Le coffret The Wagner Collection, édité par Arthaus Musik permet de retrouver, à côté du Lohengrin viennois de 1990 et du Tannhäuser capté en 2008 à Baden-Baden, ce qui, sauf erreur, constitue à ce jour la seule et unique captation vidéo de Rienzi : en soi, c’est déjà un évènement.
On commencera par s’étonner de ce qu’il ait fallu attendre 2010, et la production du Deutsche Oper de Berlin, pour que Rienzi soit disponible en DVD.
Il faut être bien naïf pour croire, en dépit des efforts acharnés de ses descendants immédiats, que Wagner est né à la postérité avec Le Vaisseau Fantôme. Et encore ! Ce dernier dût attendre 1901 pour être admis, du bout des lèvres, dans le Saint des Saints, et entrer au répertoire de Bayreuth. Depuis, il est de bon ton de jeter un voile pudique sur le « Wagner d’avant Wagner », de même que l’on préfère parfois, dans certaines familles, éviter de trop montrer l’adolescent boutonneux en pleine crise existentielle.
Les œuvres qu’il est convenu de qualifier « de jeunesse » (Rienzi, mais également La Défense d’aimer et Les Fées) nous apprennent en effet beaucoup sur le cheminement artistique de Wagner, sur ses dettes aussi. Car Richard Wagner, une certaine légende officielle dut-elle en souffrir, n’est pas arrivé sur cette terre tel un deus ex machina, procédant d’on ne sait quelle génération spontanée, pour y proclamer son génie à la face du monde. Il est, comme tous les artistes, y compris les plus grands, le produit d’une histoire et d’une géographie.
C’est cette ascendance wagnérienne que Rienzi éclaire très directement. Cette œuvre n’est elle pas connue pour être, selon le mot fameux de Hans von Bülow, le meilleur opéra de Meyerbeer ? Voilà qui donne déjà une sérieuse indication. Indéniablement, par ses proportions, sa construction, son langage musical, Rienzi est tributaire du genre du grand opéra, dont Meyerbeer s’était fait le spécialiste.

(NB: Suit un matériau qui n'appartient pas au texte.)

text \<open>
  Write \<open>b\<close> for the inverse of \<open>a\<close> modulo \<open>r\<close> and index the residues as \<open>j a mod r\<close>,
  \<open>j = 1..r\<close>.  Unwinding the recurrence gives \<open>X (m a) - E_1\<close> as the sum over \<open>j \<le> m\<close>
  of \<open>Z (j a) - Z (j a + 1)\<close>, and each such step is plus or minus the sum of the \<open>D_k\<close>
  with \<open>k\<close> between \<open>\<tau> (j a)\<close> and \<open>\<tau> (j a + 1)\<close>.  The combinatorial heart, proved along
  the recursion defining \<open>\<tau>\<close>, is that \<open>\<tau>\<close> increases from \<open>y\<close> to \<open>y + 1\<close> exactly when
  the index of \<open>y + 1\<close> exceeds that of \<open>y\<close>, i.e. when \<open>j + b \<le> r\<close>.  So the steps are
  first effective and then anti-effective, and they cancel over a full period; hence every
  partial sum is effective.
\<close>

declare tau.simps [simp del]

abbreviation tau_base_case :: "nat \<Rightarrow> nat \<Rightarrow> bool" where
  "tau_base_case r a \<equiv> a = 1 \<or> a + 1 = r \<or> a = 0 \<or> r \<le> a"

abbreviation aL :: "nat \<Rightarrow> nat \<Rightarrow> nat" where
  "aL r a \<equiv> r mod (r - a)"

abbreviation aR :: "nat \<Rightarrow> nat \<Rightarrow> nat" where
  "aR r a \<equiv> nat ((- int r) mod int a)"

section \<open>The recursion for \<open>\<tau>\<close>\<close>

lemma admissible_left:
  assumes "admissible r a" "\<not> tau_base_case r a"
  shows "admissible (r - a) (aL r a)"
proof -
  have "gcd (r - a) (aL r a) = gcd r (r - a)" by (simp only: gcd_red_nat[of r "r - a"])
  also have "\<dots> = gcd a r"
    using assms(2) by (metis gcd.commute gcd_diff2_nat le_cases)
  also have "\<dots> = 1" using assms(1) unfolding admissible_def by (simp add: gcd.commute)
  finally show ?thesis using assms(2) unfolding admissible_def by auto
qed

lemma admissible_right:
  assumes "admissible r a" "\<not> tau_base_case r a"
  shows "admissible a (aR r a)"
proof -
  have a0: "a > 0" using assms(2) by auto
  have nn: "0 \<le> (- int r) mod int a" using a0 by simp
  have "gcd (int a) ((- int r) mod int a) = gcd (int a) (int r)"
    by (metis gcd.commute gcd_neg2_int gcd_red_int)
  also have "\<dots> = 1" using assms(1) unfolding admissible_def by (simp add: gcd.commute)
  finally have "gcd (int a) (int (aR r a)) = 1" using nn by simp
  then have "gcd a (aR r a) = 1" by (metis gcd_int_int_eq of_nat_eq_1_iff)
  moreover have "aR r a < a" using a0 nn by (simp add: nat_less_iff)
  ultimately show ?thesis using a0 unfolding admissible_def by auto
qed

lemma tau_upper:
  "\<not> tau_base_case r a \<Longrightarrow> a \<le> y \<Longrightarrow> tau r a y = tau (r - a) (aL r a) (y mod (r - a))"
  by (subst tau.simps) simp

lemma tau_lower:
  "\<not> tau_base_case r a \<Longrightarrow> y < a \<Longrightarrow> tau r a y = (r - a) + tau a (aR r a) y"
  by (subst tau.simps) simp

lemma tau_less: "admissible r a \<Longrightarrow> tau r a i < r"
proof (induction r a i rule: tau.induct)
  case (1 r a i)
  show ?case
  proof (cases "tau_base_case r a")
    case True
    have "r \<ge> 1" using "1.prems" unfolding admissible_def by auto
    then show ?thesis using True by (subst tau.simps) (simp add: nat_less_iff)
  next
    case False
    note L = admissible_left[OF "1.prems" False] and R = admissible_right[OF "1.prems" False]
    show ?thesis
    proof (cases "a \<le> i")
      case True
      then show ?thesis
        using "1.IH"(1)[OF False True L] tau_upper[OF False True] by linarith
    next
      case le: False
      then show ?thesis
        using "1.IH"(2)[OF False le R] tau_lower[OF False, of i] False by linarith
    qed
  qed
qed

section \<open>Residues indexed by multiples of \<open>a\<close>\<close>

lemma mult_mod_inj:
  fixes a r j j' :: nat
  assumes "coprime a r" "j \<in> {1..r}" "j' \<in> {1..r}" "(j*a) mod r = (j'*a) mod r"
  shows "j = j'"
proof -
  have "[j = j'] (mod r)"
    using assms(1,4) unfolding cong_def[symmetric] by (simp add: cong_mult_rcancel_nat)
  then have m: "j mod r = j' mod r" unfolding cong_def .
  show ?thesis
  proof (cases "j = r \<or> j' = r")
    case True
    then show ?thesis using m assms(2,3)
      by (metis atLeastAtMost_iff le_neq_implies_less mod_less mod_self not_one_le_zero)
  next
    case False
    then show ?thesis using m assms(2,3) by simp
  qed
qed

lemma bij_betw_mult_add_mod:
  fixes a r c :: nat
  assumes "coprime a r" "0 < r"
  shows "bij_betw (\<lambda>j. (j*a + c) mod r) {1..r} {0..<r}"
proof -
  have inj: "inj_on (\<lambda>j. (j*a + c) mod r) {1..r}"
  proof (rule inj_onI)
    fix x y assume "x \<in> {1..r}" "y \<in> {1..r}" "(x*a + c) mod r = (y*a + c) mod r"
    then show "x = y"
      using mult_mod_inj[OF assms(1)] by (metis cong_add_rcancel_nat cong_def)
  qed
  have "(\<lambda>j. (j*a + c) mod r) ` {1..r} = {0..<r}"
    using assms(2) card_image[OF inj] by (intro card_subset_eq) auto
  then show ?thesis using inj unfolding bij_betw_def by simp
qed

lemma sum_mult_add_mod:
  fixes a r c :: nat and g :: "nat \<Rightarrow> int"
  assumes "coprime a r" "0 < r"
  shows "(\<Sum>j\<in>{1..r}. g ((j*a + c) mod r)) = (\<Sum>x<r. g x)"
  using sum.reindex_bij_betw[OF bij_betw_mult_add_mod[OF assms, of c], of g]
  by (simp add: atLeast0LessThan)

lemma mod_inverse_exists:
  assumes "admissible r a" "2 \<le> r"
  obtains b where "1 \<le> b" "b < r" "(b*a) mod r = 1"
proof -
  have "coprime a r" "0 < r" using assms(1) unfolding admissible_def
    by (auto simp: coprime_iff_gcd_eq_1 gcd.commute)
  then have "1 \<in> (\<lambda>j. (j*a + 0) mod r) ` {1..r}"
    using bij_betw_mult_add_mod[of a r 0] assms(2) unfolding bij_betw_def by simp
  then obtain b where "b \<in> {1..r}" "(b*a) mod r = 1" by auto
  moreover then have "b \<noteq> r" by auto
  ultimately show ?thesis using that by auto
qed
(* Let $H=(L\uplus R,E_H)$ be a bipartite graph and $\alpha>1$ a real number such that $|N_H(A)|\ge\alpha|A|$ for every $A\subseteq L$. Let $F\subseteq E_H$ be a matching in which not all vertices of $L$ are matched. Then there is an augmenting path with respect to $F$ of length at most $2D+1$, where $D=\lfloor\log_\alpha|L|\rfloor+1$.
   Context: $N_H(A)$ denotes the set of vertices adjacent in $H$ to some vertex of $A$. An augmenting path with respect to a matching $F$ is a path starting at an unmatched vertex of $L$, ending at an unmatched vertex of $R$, whose edges alternate between edges not in $F$ and edges in $F$. *)

theory Defs
  imports Complex_Main
begin

definition bipartite_graph :: "'a set \<Rightarrow> 'a set \<Rightarrow> ('a \<times> 'a) set \<Rightarrow> bool" where
  "bipartite_graph L R E \<longleftrightarrow> finite L \<and> finite R \<and> L \<inter> R = {} \<and> E \<subseteq> L \<times> R"

definition nbhd :: "('a \<times> 'a) set \<Rightarrow> 'a set \<Rightarrow> 'a set" where
  "nbhd E A = {v. \<exists>u\<in>A. (u, v) \<in> E \<or> (v, u) \<in> E}"

definition is_matching :: "('a \<times> 'a) set \<Rightarrow> ('a \<times> 'a) set \<Rightarrow> bool" where
  "is_matching E F \<longleftrightarrow> F \<subseteq> E \<and>
     (\<forall>e1\<in>F. \<forall>e2\<in>F. (fst e1 = fst e2 \<or> snd e1 = snd e2 \<or> fst e1 = snd e2 \<or> snd e1 = fst e2) \<longrightarrow> e1 = e2)"

definition matched :: "('a \<times> 'a) set \<Rightarrow> 'a \<Rightarrow> bool" where
  "matched F v \<longleftrightarrow> (\<exists>e\<in>F. v = fst e \<or> v = snd e)"

definition joined :: "('a \<times> 'a) set \<Rightarrow> 'a \<Rightarrow> 'a \<Rightarrow> bool" where
  "joined X u v \<longleftrightarrow> (u, v) \<in> X \<or> (v, u) \<in> X"

definition augmenting_path ::
  "'a set \<Rightarrow> 'a set \<Rightarrow> ('a \<times> 'a) set \<Rightarrow> ('a \<times> 'a) set \<Rightarrow> 'a list \<Rightarrow> bool" where
  "augmenting_path L R E F p \<longleftrightarrow>
     length p \<ge> 2 \<and> distinct p \<and>
     hd p \<in> L \<and> \<not> matched F (hd p) \<and>
     last p \<in> R \<and> \<not> matched F (last p) \<and>
     (\<forall>i < length p - 1. joined E (p ! i) (p ! Suc i) \<and>
        (if even i then \<not> joined F (p ! i) (p ! Suc i) else joined F (p ! i) (p ! Suc i)))"

definition path_length :: "'a list \<Rightarrow> nat" where
  "path_length p = length p - 1"

end

theory Submission
  imports Defs
begin

text \<open>Search from an unmatched vertex \<open>u \<in> L\<close> along alternating paths, and let \<open>T\<^sub>k\<close> be the
  set of vertices of \<open>L\<close> reachable from \<open>u\<close> by an alternating path with at most \<open>2k\<close> edges.
  If there is no augmenting path of length at most \<open>2k + 1\<close>, then every neighbour \<open>r\<close> of \<open>T\<^sub>k\<close>
  is matched and its partner lies in \<open>T\<^sub>k\<^sub>+\<^sub>1\<close>; distinct vertices have distinct partners, so the
  expansion hypothesis gives \<open>|T\<^sub>k\<^sub>+\<^sub>1| \<ge> \<alpha> |T\<^sub>k|\<close>. Hence \<open>|L| \<ge> |T\<^sub>D| \<ge> \<alpha>\<^sup>D > |L|\<close>.\<close>

lemma joined_sym: "joined X a b \<longleftrightarrow> joined X b a"
  unfolding joined_def by auto

lemma matched_iff_joined: "matched F a \<longleftrightarrow> (\<exists>b. joined F a b)"
  unfolding matched_def joined_def by force

lemma joined_imp_matched: "joined F a b \<Longrightarrow> matched F a"
  unfolding matched_iff_joined by blast

lemma matching_joined_imp_joined:
  "is_matching E F \<Longrightarrow> joined F a b \<Longrightarrow> joined E a b"
  unfolding is_matching_def joined_def by blast

lemma matching_joined_unique:
  "is_matching E F \<Longrightarrow> joined F a b \<Longrightarrow> joined F a c \<Longrightarrow> b = c"
  unfolding is_matching_def joined_def by (metis fst_conv snd_conv)

lemma bipartite_graph_joined:
  "bipartite_graph L R E \<Longrightarrow> joined E a b \<Longrightarrow> a \<in> L \<and> b \<in> R \<or> a \<in> R \<and> b \<in> L"
  unfolding bipartite_graph_def joined_def by blast

definition alternating :: "('a \<times> 'a) set \<Rightarrow> ('a \<times> 'a) set \<Rightarrow> 'a list \<Rightarrow> bool" where
  "alternating E F p \<longleftrightarrow>
     (\<forall>i < length p - 1. joined E (p ! i) (p ! Suc i) \<and> (joined F (p ! i) (p ! Suc i) \<longleftrightarrow> odd i))"
lemma has_integral_w'_from_0:
  assumes b: "0 < b"
  shows "(w' has_integral w b) {0..b}"
proof -
  define S where "S = {0<..b}"
  have S: "S \<in> sets lebesgue" "S \<subseteq> {0<..}" unfolding S_def by auto
  have "(\<lambda>x. if x \<in> {..b} then (cmod (w' x))\<^sup>2 else 0) integrable_on {0<..}"
  proof (rule measurable_bounded_by_integrable_imp_integrable)
    have [measurable]: "(\<lambda>x::real. x) \<in> borel_measurable (lebesgue_on {0<..})"
      by (rule continuous_imp_measurable_on_sets_lebesgue) (auto intro: continuous_intros)
    show "(\<lambda>x. if x \<in> {..b} then (cmod (w' x))\<^sup>2 else 0) \<in> borel_measurable (lebesgue_on {0<..})"
      using w'_borel_measurable by measurable
  qed (use norm_w'_square_integrable_and_bound(1) in auto)
  then have "(\<lambda>r. (cmod (w' r))\<^sup>2) integrable_on ({..b} \<inter> {0<..})"
    by (simp only: integrable_restrict_Int)
  moreover have "{..b} \<inter> {0<..} = S" unfolding S_def by auto
  ultimately have sq: "(\<lambda>r. (cmod (w' r))\<^sup>2) integrable_on S" by simp
  have one: "(\<lambda>r. 1::real) integrable_on S"
    using integrable_const_ivl[of "1::real" 0 b] unfolding S_def
    by (rule integrable_spike_set) (auto intro: negligible_subset[of "{0}"])
  have "w' absolutely_integrable_on S"
  proof (rule measurable_bounded_by_integrable_imp_absolutely_integrable[OF _ S(1)])
    show "w' \<in> borel_measurable (lebesgue_on S)"
      by (rule continuous_imp_measurable_on_sets_lebesgue[OF w'_continuous_on[OF S(2)] S(1)])
    show "(\<lambda>r. (1 + (cmod (w' r))\<^sup>2) / 2) integrable_on S"
      using one sq by (intro integrable_on_divide integrable_add)
    show "cmod (w' x) \<le> (1 + (cmod (w' x))\<^sup>2) / 2" for x
      using sum_squares_bound[of 1 "cmod (w' x)"] by (simp add: power2_eq_square)
  qed
  then have "w' integrable_on S" by (simp add: absolutely_integrable_on_def)
  then have i0: "w' integrable_on {0..b}"
    unfolding S_def by (rule integrable_spike_set) (auto intro: negligible_subset[of "{0}"])
  have ftc: "integral {t..b} w' = w b - w t" if t: "0 < t" "t \<le> b" for t
  proof -
    have "(w' has_integral (w b - w t)) {t..b}"
    proof (rule fundamental_theorem_of_calculus[OF t(2)])
      fix x assume "x \<in> {t..b}"
      with t show "(w has_vector_derivative w' x) (at x within {t..b})"
        by (intro has_vector_derivative_at_within[OF w_has_vector_derivative]) auto
    qed
    then show ?thesis by (simp add: integral_unique)
  qed
  have "((\<lambda>x. integral {x..b} w') \<longlongrightarrow> integral {0..b} w') (at_right 0)"
    using indefinite_integral_continuous_1'[OF i0] b
    by (auto simp: continuous_on_def simp flip: at_within_Icc_at_right)
  moreover have "((\<lambda>x. integral {x..b} w') \<longlongrightarrow> w b - 0) (at_right 0)"
  proof (rule Lim_transform_eventually)
    show "((\<lambda>x. w b - w x) \<longlongrightarrow> w b - 0) (at_right 0)"
      by (intro tendsto_intros w_tendsto_0)
    show "\<forall>\<^sub>F x in at_right 0. w b - w x = integral {x..b} w'"
      unfolding eventually_at_right_field using b ftc by (intro exI[of _ b]) auto
  qed
  ultimately have "integral {0..b} w' = w b"
    using tendsto_unique[OF trivial_limit_at_right_real] by fastforce
  then show ?thesis using i0 by (simp add: has_integral_integral)
qed

lemma H10_w: "H10 (\<lambda>r. if 0 < r then w r else 0) w'"
  unfolding H10_def
proof (intro conjI allI impI)
  have "(\<lambda>r. if 0 < r then w r else 0) measurable_on {0<..}"
    by (rule measurable_on_spike[OF _ negligible_empty]) (use w_L2_on in \<open>auto simp: L2_on_def\<close>)
  moreover have "(\<lambda>r. (cmod (if 0 < r then w r else 0))\<^sup>2) integrable_on {0<..}
      \<longleftrightarrow> (\<lambda>r. (cmod (w r))\<^sup>2) integrable_on {0<..}"
    by (rule integrable_cong) simp
  ultimately show "L2_on {0<..} (\<lambda>r. if 0 < r then w r else 0)"
    using w_L2_on unfolding L2_on_def by simp
  show "L2_on {0<..} w'" by (rule w'_L2_on)
  fix a b :: real assume ab: "0 \<le> a \<and> a \<le> b"
  have "(w' has_integral (if 0 < b then w b else 0) - (if 0 < a then w a else 0)) {a..b}"
  proof (cases "0 < a")
    case True
    have "(w' has_integral w b - w a) {a..b}"
    proof (rule fundamental_theorem_of_calculus)
      fix x assume "x \<in> {a..b}"
      with True show "(w has_vector_derivative w' x) (at x within {a..b})"
        by (intro has_vector_derivative_at_within[OF w_has_vector_derivative]) auto
    qed (use ab in auto)
    then show ?thesis using True ab by simp
  next
    case False
    then have "a = 0" using ab by simp
    then show ?thesis
      using has_integral_w'_from_0[of b] ab by (cases "b = 0") (auto simp: has_integral_refl)
  qed
  then show "w' integrable_on {a..b}"
    and "(if 0 < b then w b else 0) - (if 0 < a then w a else 0) = integral {a..b} w'"
    by (auto simp: integral_unique)
qed (simp)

On y trouve aussi d’intéressantes réminiscences d’Auber, mais également de Weber (tout comme dans Le Vaisseau fantôme, au demeurant). L’œuvre, créée en 1842 à Dresde, se situe en réalité à la jonction entre le grand opéra, parfaitement assimilé par Wagner, et l’opéra romantique allemand, annoncé par Le Freischütz de Weber. On y trouve en germe les ressorts dramatiques et les intuitions qui, quelques années plus tard, permettront Le Vaisseau Fantôme, Tannhäuser et Lohengrin. L’honnêteté oblige à reconnaître que si les ingrédients y sont, ils sont passablement délayés : à bien des moments, on se prend même à trouver la sauce quelque peu indigeste… Et encore, l’œuvre est ici proposée dans une version très significativement raccourcie !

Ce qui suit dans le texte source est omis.